Are teachers unions influencing virtual schooling more than pandemic science?
School districts across the country made difficult decisions this fall about whether to educate students in person or through virtual learning. However, our new study suggests that the presence of a teachers union was more of a deciding factor for Wisconsin school districts choosing to direct their classes virtually — not the extent of the COVID-19 pandemic in that community — and this is consistent with national research.
These results should not be surprising in light of the fact that teachers unions have been a loud voice against opening schools throughout the pandemic. In August, hundreds of New York City teachers union members marched with mock coffins to protest the city’s reopening plan. That same month, a caravan of Wisconsin teachers, parents and students traveled from all over the state to Madison, holding signs with messages such as “One student or teacher funeral is too many.” Similar marches were held in Chicago, Los Angeles, Phoenix and other cities.

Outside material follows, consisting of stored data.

(* Let $\mathbb{V}$ and $\mathbb{V}'$ be varieties with signatures $\mathcal{F}\subseteq\mathcal{F}'$ and defining sets of identities $\Sigma\subseteq\Sigma'$ respectively, and suppose $\mathbb{V}$ is BIT speciale with terms $0,\alpha_1,\dots,\alpha_n,\theta$ (so $\mathbb{V}'$ is BIT speciale with the same terms, and every $\mathbb{V}'$-algebra is a $\mathbb{V}$-algebra by forgetting the operations in $\mathcal{F}'\setminus\mathcal{F}$). Let $A'$ be a $\mathbb{V}'$-algebra and $H\subseteq A'$. The following are equivalent: (i) $H$ is an ideal of $A'$ in the variety $\mathbb{V}'$; (ii) $H$ is an ideal of $A'$ in the variety $\mathbb{V}$, and for every $\tau\in\mathcal{F}'\setminus\mathcal{F}$ of arity $k$, all $a_1,\dots,a_k\in A'$, all $1\le i\le n$ and all $h_{rs}\in H$ ($1\le r\le k$, $1\le s\le n$), one has $\alpha_i\big(\tau(\theta(h_{11},\dots,h_{1n},a_1),\dots,\theta(h_{k1},\dots,h_{kn},a_k)),\tau(a_1,\dots,a_k)\big)\in H$; (iii) $H$ is an ideal of $A'$ in the variety $\mathbb{V}$, and for every $\tau\in\mathcal{F}'\setminus\mathcal{F}$ of arity $k$, all $a_1,\dots,a_k\in A'$, all $1\le i\le n$, $1\le j\le k$ and all $h_1,\dots,h_n\in H$, one has $\alpha_i\big(\tau(a_1,\dots,a_{j-1},\theta(h_1,\dots,h_n,a_j),a_{j+1},\dots,a_k),\tau(a_1,\dots,a_k)\big)\in H$.
   Context: BIT speciale: the algebraic theory contains a constant $0$ and, for some $n\ge1$, binary terms $\alpha_1,\dots,\alpha_n$ and an $(n+1)$-ary term $\theta$ such that $\alpha_i(x,x)=0$ and $\theta(\alpha_1(x,y),\dots,\alpha_n(x,y),y)=x$ are identities. For a variety $\mathbb{W}$ with signature $\mathcal{G}$ containing $0$ in its theory: an ideal term of $\mathbb{W}$ in the variables $y_1,\dots,y_p$ is a term $t(x_1,\dots,x_m,y_1,\dots,y_p)$ over $\mathcal{G}$ such that $t(x_1,\dots,x_m,0,\dots,0)=0$ is an identity of $\mathbb{W}$; a non-empty subset $H$ of a $\mathbb{W}$-algebra $A$ is an ideal of $A$ in $\mathbb{W}$ if $t(a_1,\dots,a_m,b_1,\dots,b_p)\in H$ for every ideal term $t$ of $\mathbb{W}$, all $a_r\in A$ and all $b_s\in H$. *)

theory Defs
  imports Main
begin

datatype 'f trm = Var nat | App 'f "'f trm list"

fun vars :: "'f trm \<Rightarrow> nat set" where
  "vars (Var v) = {v}"
| "vars (App f ts) = (\<Union>t\<in>set ts. vars t)"

fun wf_trm :: "'f set \<Rightarrow> ('f \<Rightarrow> nat) \<Rightarrow> 'f trm \<Rightarrow> bool" where
  "wf_trm F ar (Var v) = True"
| "wf_trm F ar (App f ts) = (f \<in> F \<and> length ts = ar f \<and> (\<forall>t\<in>set ts. wf_trm F ar t))"

fun subst :: "(nat \<Rightarrow> 'f trm) \<Rightarrow> 'f trm \<Rightarrow> 'f trm" where
  "subst \<sigma> (Var v) = \<sigma> v"
| "subst \<sigma> (App f ts) = App f (map (subst \<sigma>) ts)"

fun eval :: "('f \<Rightarrow> 'a list \<Rightarrow> 'a) \<Rightarrow> 'f trm \<Rightarrow> (nat \<Rightarrow> 'a) \<Rightarrow> 'a" where
  "eval I (Var v) e = e v"
| "eval I (App f ts) e = I f (map (\<lambda>t. eval I t e) ts)"

definition idents_over :: "'f set \<Rightarrow> ('f \<Rightarrow> nat) \<Rightarrow> ('f trm \<times> 'f trm) set \<Rightarrow> bool" where
  "idents_over F ar \<Sigma> \<longleftrightarrow> (\<forall>(s,t)\<in>\<Sigma>. wf_trm F ar s \<and> wf_trm F ar t)"

section \<open>Equational theory of the variety with signature F and defining identities \<Sigma>
  (equational logic; by Birkhoff's completeness theorem these are exactly the identities of the variety)\<close>

inductive derivable :: "'f set \<Rightarrow> ('f \<Rightarrow> nat) \<Rightarrow> ('f trm \<times> 'f trm) set \<Rightarrow> 'f trm \<Rightarrow> 'f trm \<Rightarrow> bool"
  for F ar \<Sigma> where
  refl: "wf_trm F ar t \<Longrightarrow> derivable F ar \<Sigma> t t"
| sym: "derivable F ar \<Sigma> s t \<Longrightarrow> derivable F ar \<Sigma> t s"
| trans: "derivable F ar \<Sigma> s t \<Longrightarrow> derivable F ar \<Sigma> t u \<Longrightarrow> derivable F ar \<Sigma> s u"
| ax: "(s, t) \<in> \<Sigma> \<Longrightarrow> (\<forall>v. wf_trm F ar (\<sigma> v)) \<Longrightarrow>
        derivable F ar \<Sigma> (subst \<sigma> s) (subst \<sigma> t)"
| cong: "f \<in> F \<Longrightarrow> length ss = ar f \<Longrightarrow> length ts = ar f \<Longrightarrow>
        (\<forall>i < ar f. derivable F ar \<Sigma> (ss ! i) (ts ! i)) \<Longrightarrow>
        derivable F ar \<Sigma> (App f ss) (App f ts)"

definition is_algebra :: "'f set \<Rightarrow> ('f \<Rightarrow> nat) \<Rightarrow> ('f trm \<times> 'f trm) set \<Rightarrow> 'a set \<Rightarrow> ('f \<Rightarrow> 'a list \<Rightarrow> 'a) \<Rightarrow> bool" where
  "is_algebra F ar \<Sigma> A I \<longleftrightarrow>
     (\<forall>f\<in>F. \<forall>xs. length xs = ar f \<longrightarrow> set xs \<subseteq> A \<longrightarrow> I f xs \<in> A) \<and>
     (\<forall>(s,t)\<in>\<Sigma>. \<forall>e. (\<forall>v. e v \<in> A) \<longrightarrow> eval I s e = eval I t e)"

text \<open>Variables: x = Var 0, y = Var 1 for the binary terms alpha_i;
  theta has variables 0..n-1 (the first n arguments) and n (the last argument).\<close>

definition bit_speciale :: "'f set \<Rightarrow> ('f \<Rightarrow> nat) \<Rightarrow> ('f trm \<times> 'f trm) set \<Rightarrow>
    'f trm \<Rightarrow> 'f trm list \<Rightarrow> 'f trm \<Rightarrow> bool" where
  "bit_speciale F ar \<Sigma> zero alpha theta \<longleftrightarrow>
     (let n = length alpha in
       n \<ge> 1 \<and>
       wf_trm F ar zero \<and> vars zero = {} \<and>
       (\<forall>i<n. wf_trm F ar (alpha ! i) \<and> vars (alpha ! i) \<subseteq> {0, 1}) \<and>
       wf_trm F ar theta \<and> vars theta \<subseteq> {..n} \<and>
       (\<forall>i<n. derivable F ar \<Sigma> (subst (\<lambda>v. Var 0) (alpha ! i)) zero) \<and>
       derivable F ar \<Sigma> (subst (\<lambda>k. if k < n then alpha ! k else Var 1) theta) (Var 0))"

text \<open>An ideal term in the variables Y (the y's; all other variables are the x's).\<close>
definition ideal_term :: "'f set \<Rightarrow> ('f \<Rightarrow> nat) \<Rightarrow> ('f trm \<times> 'f trm) set \<Rightarrow> 'f trm \<Rightarrow> nat set \<Rightarrow> 'f trm \<Rightarrow> bool" where
  "ideal_term F ar \<Sigma> zero Y t \<longleftrightarrow>
     wf_trm F ar t \<and> derivable F ar \<Sigma> (subst (\<lambda>v. if v \<in> Y then zero else Var v) t) zero"

definition is_ideal :: "'f set \<Rightarrow> ('f \<Rightarrow> nat) \<Rightarrow> ('f trm \<times> 'f trm) set \<Rightarrow> 'f trm \<Rightarrow>
    'a set \<Rightarrow> ('f \<Rightarrow> 'a list \<Rightarrow> 'a) \<Rightarrow> 'a set \<Rightarrow> bool" where
  "is_ideal F ar \<Sigma> zero A I H \<longleftrightarrow>
     H \<noteq> {} \<and> H \<subseteq> A \<and>
     (\<forall>Y t. ideal_term F ar \<Sigma> zero Y t \<longrightarrow>
        (\<forall>e. (\<forall>v. e v \<in> A) \<longrightarrow> (\<forall>v\<in>Y. e v \<in> H) \<longrightarrow> eval I t e \<in> H))"

definition bin_val :: "('f \<Rightarrow> 'a list \<Rightarrow> 'a) \<Rightarrow> 'f trm \<Rightarrow> 'a \<Rightarrow> 'a \<Rightarrow> 'a" where
  "bin_val I t u v = eval I t (\<lambda>k. if k = 0 then u else v)"

definition theta_val :: "('f \<Rightarrow> 'a list \<Rightarrow> 'a) \<Rightarrow> 'f trm \<Rightarrow> nat \<Rightarrow> (nat \<Rightarrow> 'a) \<Rightarrow> 'a \<Rightarrow> 'a" where
  "theta_val I t n h a = eval I t (\<lambda>k. if k < n then h k else a)"

end

theory Submission
  imports Defs
begin
lemma dominant_diff_demoted:
  assumes "finite (electorate Q)" "dominant A Q C" "d \<in> C" "C \<noteq> {d}" "card (electorate Q) < n"
    and margins: "\<forall>a\<in>A. \<forall>b\<in>A. g Q' a b = g Q a b + int n * demote_shift (A - {d}) d a b"
  shows "dominant A Q' (C - {d})"
  unfolding dominant_def
proof (intro conjI ballI)
  show "C - {d} \<noteq> {}" "C - {d} \<subseteq> A" using assms(2-4) by (auto simp: dominant_def)
next
  fix x b assume x: "x \<in> C - {d}" and b: "b \<in> A - (C - {d})"
  have "x \<in> A - {d}" "d \<in> A" using x assms(2,3) by (auto simp: dominant_def)
  show "maj_strict Q' x b"
  proof (cases "b = d")
    case True
    have "g Q' x d = g Q x d + 2 * int n"
      using margins \<open>x \<in> A - {d}\<close> \<open>d \<in> A\<close> by (simp add: demote_shift_def)
    then show ?thesis using True abs_g_le_card_electorate[OF assms(1), of x d] assms(5)
      by (simp add: maj_strict_iff_g_pos)
  next
    case False
    then have "maj_strict Q x b" using assms(2) x b by (auto simp: dominant_def)
    then show ?thesis
      using maj_strict_demotion_other[OF margins \<open>x \<in> A - {d}\<close>] b False by simp
  qed
qed

lemma ex_dominant_avoiding_unchosen:
  assumes "finite A" "A \<noteq> {}" "is_scc A f" "pairwise_scc A f" "strategyproof A f"
    and "is_profile A Q" "d \<in> TC A Q" "d \<notin> f Q" "TC A Q \<noteq> {d}"
    and below_kf: "\<forall>P. is_profile A P \<longrightarrow> card (TC A P) < card (TC A Q) \<longrightarrow> TC A P \<subseteq> f P"
  shows "\<exists>T. dominant (A - {d}) Q T \<and> T \<subseteq> f Q"
proof -
  let ?C = "TC A Q"
  have CA: "?C \<subseteq> A" and dA: "d \<in> A" using TC_subset[OF assms(1,2)] assms(7) by auto
  have finE: "finite (electorate Q)" using assms(6) by (simp add: is_profile_def)
  obtain Q' where Q': "is_profile A Q'" "f Q' = f Q" and margins:
    "\<forall>a\<in>A. \<forall>b\<in>A. g Q' a b = g Q a b + int (Suc (card (electorate Q))) * demote_shift (A - {d}) d a b"
    using ex_repeated_demotion_of_unchosen[OF assms(1,3-6) dA assms(8)] by blast
  have "dominant A Q' (?C - {d})"
    using dominant_diff_demoted[OF finE TC_dominant[OF assms(1,2)] assms(7,9) _ margins] by simp
  then have T_sub: "TC A Q' \<subseteq> ?C - {d}" by (rule TC_subset_dominant[OF assms(1,2)])
  then have "card (TC A Q') < card ?C"
    using assms(7) finite_subset[OF CA assms(1)] by (intro psubset_card_mono) auto
  then have "TC A Q' \<subseteq> f Q" using below_kf Q'(1,2) by auto
  moreover have "dominant (A - {d}) Q (TC A Q')"
    using TC_dominant[OF assms(1,2), of Q'] T_sub CA maj_strict_demotion_other[OF margins]
    unfolding dominant_def by blast
  ultimately show ?thesis by blast
qed

lemma dominant_of_dominant_avoiding:
  assumes T\<^sub>1: "dominant (A - {z}) R T\<^sub>1" and T\<^sub>2: "dominant (A - {y}) R T\<^sub>2"
    and "y \<notin> T\<^sub>1" "z \<notin> T\<^sub>2" "y \<in> A" "z \<in> A" "y \<noteq> z"
  shows "dominant A R T\<^sub>1 \<or> dominant A R T\<^sub>2"
proof -
  have "T\<^sub>1 \<subseteq> T\<^sub>2 \<or> T\<^sub>2 \<subseteq> T\<^sub>1"
  proof (rule ccontr)
    assume "\<not> (T\<^sub>1 \<subseteq> T\<^sub>2 \<or> T\<^sub>2 \<subseteq> T\<^sub>1)"
    then obtain s t where "t \<in> T\<^sub>1" "t \<notin> T\<^sub>2" "s \<in> T\<^sub>2" "s \<notin> T\<^sub>1" by blast
    then have "maj_strict R s t" "maj_strict R t s"
      using assms(1-4) unfolding dominant_def by blast+
    then show False by (simp add: maj_strict_def)
  qed
  then show ?thesis
  proof
    assume "T\<^sub>1 \<subseteq> T\<^sub>2"
    then have "\<forall>t\<in>T\<^sub>1. maj_strict R t z" using assms(4,6,7) T\<^sub>2 unfolding dominant_def by blast
    then have "dominant A R T\<^sub>1" by (rule dominant_insert[OF T\<^sub>1 assms(6)])
    then show ?thesis ..
  next
    assume "T\<^sub>2 \<subseteq> T\<^sub>1"
    then have "\<forall>t\<in>T\<^sub>2. maj_strict R t y" using assms(3,5,7) T\<^sub>1 unfolding dominant_def by blast
    then have "dominant A R T\<^sub>2" by (rule dominant_insert[OF T\<^sub>2 assms(5)])
    then show ?thesis ..
  qed
qed

lemma TC_minus_unchosen_subset:
  assumes "finite A" "A \<noteq> {}" "is_scc A f" "pairwise_scc A f" "strategyproof A f"
    and "is_profile A Q" "y \<in> TC A Q" "y \<notin> f Q"
    and "\<forall>P. is_profile A P \<longrightarrow> card (TC A P) < card (TC A Q) \<longrightarrow> TC A P \<subseteq> f P"
  shows "TC A Q - {y} \<subseteq> f Q"
proof
  fix z assume z: "z \<in> TC A Q - {y}"
  show "z \<in> f Q"
  proof (rule ccontr)
    assume "z \<notin> f Q"
    have "z \<in> TC A Q" "TC A Q \<noteq> {z}" using z assms(7) by auto
    then obtain T\<^sub>1 where T\<^sub>1: "dominant (A - {z}) Q T\<^sub>1" "T\<^sub>1 \<subseteq> f Q"
      using ex_dominant_avoiding_unchosen[OF assms(1-6) _ \<open>z \<notin> f Q\<close> _ assms(9)] by blast
    obtain T\<^sub>2 where T\<^sub>2: "dominant (A - {y}) Q T\<^sub>2" "T\<^sub>2 \<subseteq> f Q"
      using ex_dominant_avoiding_unchosen[OF assms(1-8) _ assms(9)] z by blast
    have "y \<in> A" "z \<in> A" using z assms(7) TC_subset[OF assms(1,2)] by auto
    then have "dominant A Q T\<^sub>1 \<or> dominant A Q T\<^sub>2"
      using dominant_of_dominant_avoiding[OF T\<^sub>1(1) T\<^sub>2(1)] T\<^sub>1(2) T\<^sub>2(2) assms(8) \<open>z \<notin> f Q\<close> z
      by blast
    then show False
      using TC_subset_dominant[OF assms(1,2)] T\<^sub>1(2) T\<^sub>2(2) assms(7,8) z \<open>z \<notin> f Q\<close> by blast
  qed
qed

lemma demoted_drops_out_if_choice_changes:
  assumes "finite A" "is_scc A f" "pairwise_scc A f" "strategyproof A f"
    and "is_profile A R" "is_profile A R'" "X \<subseteq> f R" "y \<in> f R" "y \<notin> X"
    and margins: "\<forall>a\<in>A. \<forall>b\<in>A. g R' a b = g R a b + demote_shift X y a b"
    and "f R' \<noteq> f R"
  shows "y \<notin> f R'"
proof
  assume "y \<in> f R'"
  \<comment> \<open>f R' - f R comes first and f R - f R' last, so that f R' is Fishburn-better than f R;
    only X lies between the old tier 4 and the new tier 9 of y.\<close>
  define tier :: "'a \<Rightarrow> nat" where "tier = (\<lambda>x. if x = y then 4
    else if x \<in> X then (if x \<in> f R' then 6 else 8)
    else if x \<in> f R' then (if x \<in> f R then 2 else 0) else 10)"
  have "X \<subseteq> A" using assms(2,5,7) by (auto simp: is_scc_def)
  then have "{x \<in> A. tier y < tier x \<and> tier x < 9} = X" using assms(9) by (auto simp: tier_def)
  then have "f R' = f R"
    using margins assms(7-9) \<open>y \<in> f R'\<close>
    by (intro choice_unchanged_by_demotion[OF assms(1-6), of tier y 9]) (auto simp: tier_def)
  then show False using assms(11) by contradiction
qed

lemma g_eq_add_demote_shift:
  assumes "y \<notin> X" "\<forall>x\<in>X. g R' x y = 2 + g R x y"
    and "\<forall>x'\<in>A. \<forall>y'\<in>A. \<not> (x' \<in> X \<and> y' = y) \<and> \<not> (x' = y \<and> y' \<in> X) \<longrightarrow> g R' x' y' = g R x' y'"
  shows "\<forall>a\<in>A. \<forall>b\<in>A. g R' a b = g R a b + demote_shift X y a b"
proof (intro ballI)
  fix a b assume ab: "a \<in> A" "b \<in> A"
  consider "a \<in> X" "b = y" | "a = y" "b \<in> X" | "\<not> (a \<in> X \<and> b = y)" "\<not> (a = y \<and> b \<in> X)"
    by blast
  then show "g R' a b = g R a b + demote_shift X y a b"
  proof cases
    case 1
    then show ?thesis using assms(2) by (simp add: demote_shift_def)
  next
    case 2
    then have "g R' b a = 2 + g R b a" using assms(2) by simp
    then show ?thesis
      using 2 assms(1) g_antisym[of R' a b] g_antisym[of R a b] by (simp add: demote_shift_def)
  next
    case 3
    then show ?thesis using assms(3) ab by (simp add: demote_shift_def)
  qed
qed

theorem lemma9:
  fixes A :: "'a set" and f :: "'a profile \<Rightarrow> 'a set" and R R' :: "'a profile"
    and X :: "'a set" and y :: 'a
  assumes "finite A"
    and "is_scc A f"
    and "pairwise_scc A f"
    and "strongly_condorcet_consistent A f"
    and "homogeneous A f"
    and "strategyproof A f"
    and "4 \<le> kf A f" and "kf A f \<le> card A"
    and "is_profile A R" and "is_profile A R'"
    and "TC A R = TC A R'"
    and "card (TC A R) = kf A f"
    and "X \<subseteq> f R \<inter> TC A R"
    and "y \<in> (f R \<inter> TC A R) - X"
    and "\<forall>x\<in>X. g R' x y = 2 + g R x y"
    and "\<forall>x'\<in>A. \<forall>y'\<in>A. \<not> (x' \<in> X \<and> y' = y) \<and> \<not> (x' = y \<and> y' \<in> X)
           \<longrightarrow> g R' x' y' = g R x' y'"
  shows "f R = f R' \<or> f R' \<inter> TC A R' = TC A R' - {y}"
proof (cases "f R' = f R")
  case False
  have "A \<noteq> {}" using assms(7,8) by auto
  have margins: "\<forall>a\<in>A. \<forall>b\<in>A. g R' a b = g R a b + demote_shift X y a b"
    using assms(14-16) by (intro g_eq_add_demote_shift) auto
  have "y \<notin> f R'"
    by (rule demoted_drops_out_if_choice_changes[OF assms(1-3,6,9,10) _ _ _ margins False])
      (use assms(13,14) in auto)
  moreover have "TC A R' - {y} \<subseteq> f R'"
    using TC_subset_if_card_less_kf[OF assms(1) \<open>A \<noteq> {}\<close>] assms(11,12,14)
    by (intro TC_minus_unchosen_subset[OF assms(1) \<open>A \<noteq> {}\<close> assms(2,3,6,10) _ \<open>y \<notin> f R'\<close>]) auto
  ultimately show ?thesis by blast
qed simp

end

The Wisconsin Institute for Law & Liberty study examined the initial reopening decisions of 415 of the 422 school districts in Wisconsin. Thirty-six school districts, or roughly 9 percent, started the school year fully virtual. Approximately 81 percent of those districts had a teachers union, compared with slightly less than 50 percent of all districts in the state. And these numbers aren’t simply correlational — after the inclusion of a host of control variables, the findings still hold.
Did the political bent of a community have to do with the decisions? It seems like it. School districts in Wisconsin communities with a higher percentage of votes for President Trump in both 2016 and 2020 were more likely to open than schools in those with a higher percentage of votes for Hillary Clinton or Joe Biden.
In national studies as well, unions have proven to be a driving factor for shuttering schools. According to a study released in September by Cory DeAngeles and Christopher Makridis, districts across the country with stronger teachers unions were less likely to open in person. For example, in states without right-to-work laws, they found that school districts were 14 percentage points less likely to open than in states with those laws in place.
While it was understandable that schools took a cautious approach when the virus arrived in the U.S. last spring, the data increasingly suggest that in-person learning is not a driver of the pandemic. A study of more than 200,000 kids across 47 states revealed low infection rates among students and teachers. The reality is that kids, for whatever reason, apparently don’t spread COVID-19 like adults do.
Further, keeping kids out of school for what is approaching a full year will have long-term implications for the children who forever may be trying to make up for lost time. According to an Educational Researcher study released in October, students this fall were projected to begin the school year with only “63 to 68 percent of the learning gains in reading and 37 to 50 percent of the learning gains in mathematics, relative to a typical school year.” This learning loss is harmful to both students and society, potentially resulting in diminished opportunities and real GDP consequences.
Being out of school also can affect children’s mental and emotional health. Guidance released from the American Academy of Pediatrics in June advocates for students to meet in person this fall, because of not just schools’ academic role in students’ lives but also their social and emotional role. The letter cited schools as a place where students receive “social and emotional skills,” “physical/speech and mental health therapy,” as well as “safety,” to name a few.
For months, every measure taken to combat COVID-19 has been done with an emphasis on “trusting the science.” But the science is increasingly indicating that in-person learning, on balance, is relatively safe and that the risks are far outweighed by the importance to children and families. Education is fundamental for all children, and if political ideology and teachers unions are the deciding factors for whether a district will meet in person or not — not the science and the evidence — then it seems that districts across the country may have their priorities a bit backwards.